Performance vs Capacity

Think of it as Quantity vs Quality. Or Space vs Speed.

They are heavily intertwined.

Rightsizing belongs under capacity, but it uses performance as the primary consideration. For mission critical, the metric is highly granural (1 – 20 second), not 5 minutes average.
Infrastructure capacity is about maximizing utilization, but it gets overridden by performance.

Performance is more time sensitive and important than capacity. Manage performance first, capacity second. Using the restaurant analogy, you focus on the dining area first, then the kitchen.

In larger organizations, they are typically managed by two different teams. The capacity team does not get involved in the day-to-day operations as they focus on longer-term resource availability. They also consider latent workload and future demand, which performance does not consider.

The capacity team may not have the technical skills to troubleshoot performance. On the other hand, the day-to-day operations deals with “what’s on the floor” of the data center. Their primary focus is meeting the demand from applications on that day.

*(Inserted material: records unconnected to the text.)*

(* Let $x_1,\dots,x_m$ be independent $\sigma$-smooth MWIS instances on $n$ vertices and let $q>0$. With probability at least $1-4q\sigma^{-1}m^2n^8\ln n$ over the vertex weights, no two distinct elements of $\tau(x_1)\cup\dots\cup\tau(x_m)$ are within distance $q$ of each other.
   Context: Fix $\sigma\in(0,1)$. A $\sigma$-smooth MWIS instance has an arbitrary graph on vertex set $[n]$, and each vertex weight $w_v$ is drawn independently from its own distribution supported in $[0,1]$ with density at most $\sigma^{-1}$ pointwise (so almost surely all weights are distinct and nonzero). For an instance $x$ with weights $w$, $\tau(x)=\{\rho(v_1,v_2,k_1,k_2): v_1,v_2,k_1,k_2\in[n],\ v_1\ne v_2,\ k_1,k_2\ge2,\ k_1\ne k_2\}$ where $\rho(v_1,v_2,k_1,k_2)=\frac{\ln(w_{v_1})-\ln(w_{v_2})}{\ln(k_1)-\ln(k_2)}$. *)

theory Defs
  imports "HOL-Probability.Probability"
begin

definition rho :: "(nat \<Rightarrow> real) \<Rightarrow> nat \<Rightarrow> nat \<Rightarrow> nat \<Rightarrow> nat \<Rightarrow> real" where
  "rho w v1 v2 k1 k2 = (ln (w v1) - ln (w v2)) / (ln (real k1) - ln (real k2))"

definition tau :: "nat \<Rightarrow> (nat \<Rightarrow> real) \<Rightarrow> real set" where
  "tau n w = {rho w v1 v2 k1 k2 | v1 v2 k1 k2.
      v1 \<in> {1..n} \<and> v2 \<in> {1..n} \<and> v1 \<noteq> v2 \<and>
      k1 \<in> {2..n} \<and> k2 \<in> {2..n} \<and> k1 \<noteq> k2}"

end

theory Submission
  imports Defs
begin

text \<open>Every element of \<open>\<tau>(x\<^sub>i)\<close> is a difference \<open>ln w\<^sub>v\<^sub>1 - ln w\<^sub>v\<^sub>2\<close> divided by a nonzero
  \<open>d = ln k\<^sub>1 - ln k\<^sub>2\<close> with \<open>|d| \<le> ln n\<close>. If two distinct such values \<open>r\<close>, \<open>r'\<close> (with
  denominator \<open>d'\<close> and vertices \<open>v\<^sub>3, v\<^sub>4\<close> of instance \<open>j\<close>) are \<open>q\<close>-close, then
  \<open>ln w\<^sub>v\<^sub>3 - ln w\<^sub>v\<^sub>4\<close> lies within \<open>q ln n\<close> of \<open>d' r\<close>. Unless \<open>v\<^sub>3, v\<^sub>4\<close> are the very
  vertices of \<open>r\<close>, one of them is a weight not occurring in \<open>r\<close>; by independence and the density
  bound \<open>1/\<sigma>\<close> its logarithm lands in a given window of width \<open>2 q ln n\<close> with probability at most
  \<open>2 q ln n / \<sigma>\<close>, since \<open>exp\<close> is 1-Lipschitz on \<open>(-\<infinity>, 0]\<close>. If the vertices coincide, then
  \<open>r\<close>, \<open>r'\<close> are \<open>a/d\<close>, \<open>a/d'\<close> for one \<open>a\<close>, and \<open>|d - d'| \<ge> 1/n\<^sup>2\<close> forces
  \<open>|a| \<le> q (ln n)\<^sup>2 n\<^sup>2\<close>, again an event of small probability. A union bound over the
  \<open>m\<^sup>2 n\<^sup>8\<close> pairs of indices finishes the proof.\<close>

lemma exp_diff_le_diff_nonpos:
  fixes u v :: real
  assumes "v \<le> u" "u \<le> 0"
  shows "exp u - exp v \<le> u - v"
proof -
  have "exp u - exp v = exp u * (1 - exp (v - u))"
    by (simp add: algebra_simps exp_diff)
  also have "\<dots> \<le> 1 * (u - v)"
  proof (intro mult_mono)
    show "1 - exp (v - u) \<le> u - v"
      using exp_ge_add_one_self[of "v - u"] by linarith
  qed (use assms in auto)
  finally show ?thesis by simp
qed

Capacity involves factors like HA, Buffer, Overhead and Reservation. None of these are relevant to performance monitoring. In Performance, you don’t care about them as performance is about reality (what actually happens). Those factors may cause performance problems, but they are not considered in the performance metric.

Capacity uses a smaller subset of the resource than performance. One main concept is Usable Capacity, which is unique to capacity. There is no usable performance, usable compliance and usable availability.

The relationship between capacity and performance varies depending on the object. Consumer objects (e.g. VM, K8S Pod) have different natures than provider objects (e.g. vSphere Cluster, vSAN Cluster). For provider objects, performance is always bottom up. You start with the VM running inside in the provider object, and then aggregate the metrics. Capacity is always top down. You look at the big picture first, then drill down. For example, you start with the vSphere cluster, then drill down to ESXi.

For an IaaS provider, the following tables explains how performance and capacity differ.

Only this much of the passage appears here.